Newport Folk Festival: Charles Bradley

If there’s anything I love about funk and soul, it’s when the bass and vocals collide. If you stopped by the Fort stage this Sunday to see Charles Bradley, then that’s exactly what you got. His group, The Extraordinaires, started things off with a jamming track the featured all of their instruments: trumpet, saxophone, drums, keys, bass, and guitar. Everyone wore black shades and dressed like they were ready to hit the casinos in their best. Bradley’s introduction came from the keyboardist who gave a couple equally silly and serious lines about Bradley’s talent.

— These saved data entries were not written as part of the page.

lemma S_entry_extremal:
  assumes "k \<ge> 1" "d \<ge> 1"
  defines "l \<equiv> \<lambda>i::nat. if i = 0 then real d else 1"
  shows "S_entry k l d = 1"
proof -
  have pos: "\<forall>i<k. l i > 0" using \<open>d \<ge> 1\<close> by (simp add: l_def)
  have "{p \<in> merge_index k. merge_value l p < 1} = {0} \<times> {1..<d}"
    using assms by (auto simp: l_def split: if_splits)
  then have "\<not> S_entry k l d < 1"
    using S_entry_less_iff[OF assms(1,2) pos] \<open>d \<ge> 1\<close> by simp
  moreover have "{0::nat} \<times> {1..d} \<subseteq> {p \<in> merge_index k. merge_value l p \<le> 1}"
  proof
    fix p :: "nat \<times> nat" assume "p \<in> {0} \<times> {1..d}"
    then obtain m where "p = (0, m)" "1 \<le> m" "m \<le> d" by auto
    then show "p \<in> {p \<in> merge_index k. merge_value l p \<le> 1}"
      using \<open>k \<ge> 1\<close> by (simp add: l_def)
  qed
  then have "card ({0::nat} \<times> {1..d}) \<le> card {p \<in> merge_index k. merge_value l p \<le> 1}"
    by (rule card_mono[OF finite_merge_sublevel[OF pos]])
  then have "d \<le> card {p \<in> merge_index k. merge_value l p \<le> 1}" by simp
  then have "S_entry k l d \<le> 1"
    using S_entry_le_iff[OF assms(1,2) pos] by simp
  ultimately show ?thesis by simp
qed

theorem proposition5:
  fixes k d :: nat
  assumes "k \<ge> 1" and "d \<ge> 1"
  shows "(SUP l\<in>{l :: nat \<Rightarrow> real. \<forall>i<k. l i > 0}.
            ereal ((\<Sum>i<k. l i) * S_entry k l d)) = ereal (real d + real k - 1)"
proof (rule antisym)
  show "(SUP l\<in>{l :: nat \<Rightarrow> real. \<forall>i<k. l i > 0}.
            ereal ((\<Sum>i<k. l i) * S_entry k l d)) \<le> ereal (real d + real k - 1)"
    using S_entry_upper_bound[OF assms] by (intro SUP_least) simp
  define l where "l = (\<lambda>i::nat. if i = 0 then real d else 1)"
  have "l \<in> {l. \<forall>i<k. l i > 0}" using \<open>d \<ge> 1\<close> by (simp add: l_def)
  then have "ereal ((\<Sum>i<k. l i) * S_entry k l d) \<le> (SUP l\<in>{l :: nat \<Rightarrow> real. \<forall>i<k. l i > 0}.
            ereal ((\<Sum>i<k. l i) * S_entry k l d))"
    by (rule SUP_upper)
  moreover have "(\<Sum>i<k. l i) = real d + real k - 1"
    using \<open>k \<ge> 1\<close> by (cases k) (simp_all add: l_def sum.lessThan_Suc_shift del: sum.lessThan_Suc)
  ultimately show "ereal (real d + real k - 1) \<le> (SUP l\<in>{l :: nat \<Rightarrow> real. \<forall>i<k. l i > 0}.
            ereal ((\<Sum>i<k. l i) * S_entry k l d))"
    using S_entry_extremal[OF assms, folded l_def] by simp
qed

“The World (Is Going Up In Flames)” got the crowd revved up once he let out one of his memorable screams, reaching all the grit and scratch at the bottom of his throat. He would end the song with another huge scream that gathered force when combined with a big symbol drumroll. Bradley loved tossing his arms up and letting his voice pierce through the crowd, chock full of soul.

The arm waving didn’t stop there. Bradley would frequently fan his arms around him slowly, like a bird lifting off in slow motion, gracefully and not in a hurry. He would then clasp them as if in a prayer and sway his hips back and forth. “I need you so,” he called out before the drums picked up and they started speeding up. The crowd began clapping along and jumping, squealing as it got faster and faster.

If his voice ever reminds you of James Brown, then you’re on to something. In 1996, Bradley actually was a James Brown impersonator in local Brooklyn clubs and went by the name “Black Velvet”. It was at one of these shows that Daptone Records heard him and recruited him to begin a solo career (as himself, not a faux Brown). He recorded some tracks with a band (whom he told just “just play” and he would make up lyrics on the spot) and those songs later were placed on his 2011 album No Time For Dreaming. 

The keyboardist then came back out to check in on the crowd again. “Would you like some more Charles?” he asked, yelling louder and louder. “Let’s go, Charles!” someone yelled out from the crowd. “Then here’s the eagle of soul, Mister Charrrrrrrrrrles Bradley!”

Choosing favorites is hard when listening to Bradley’s tracks. He never favored one over the other, giving equal soul and emotion to every song no matter how slow or fast, long or short, sad or happy it was. If anything, he just wanted to have fun, and fun we all definitely had.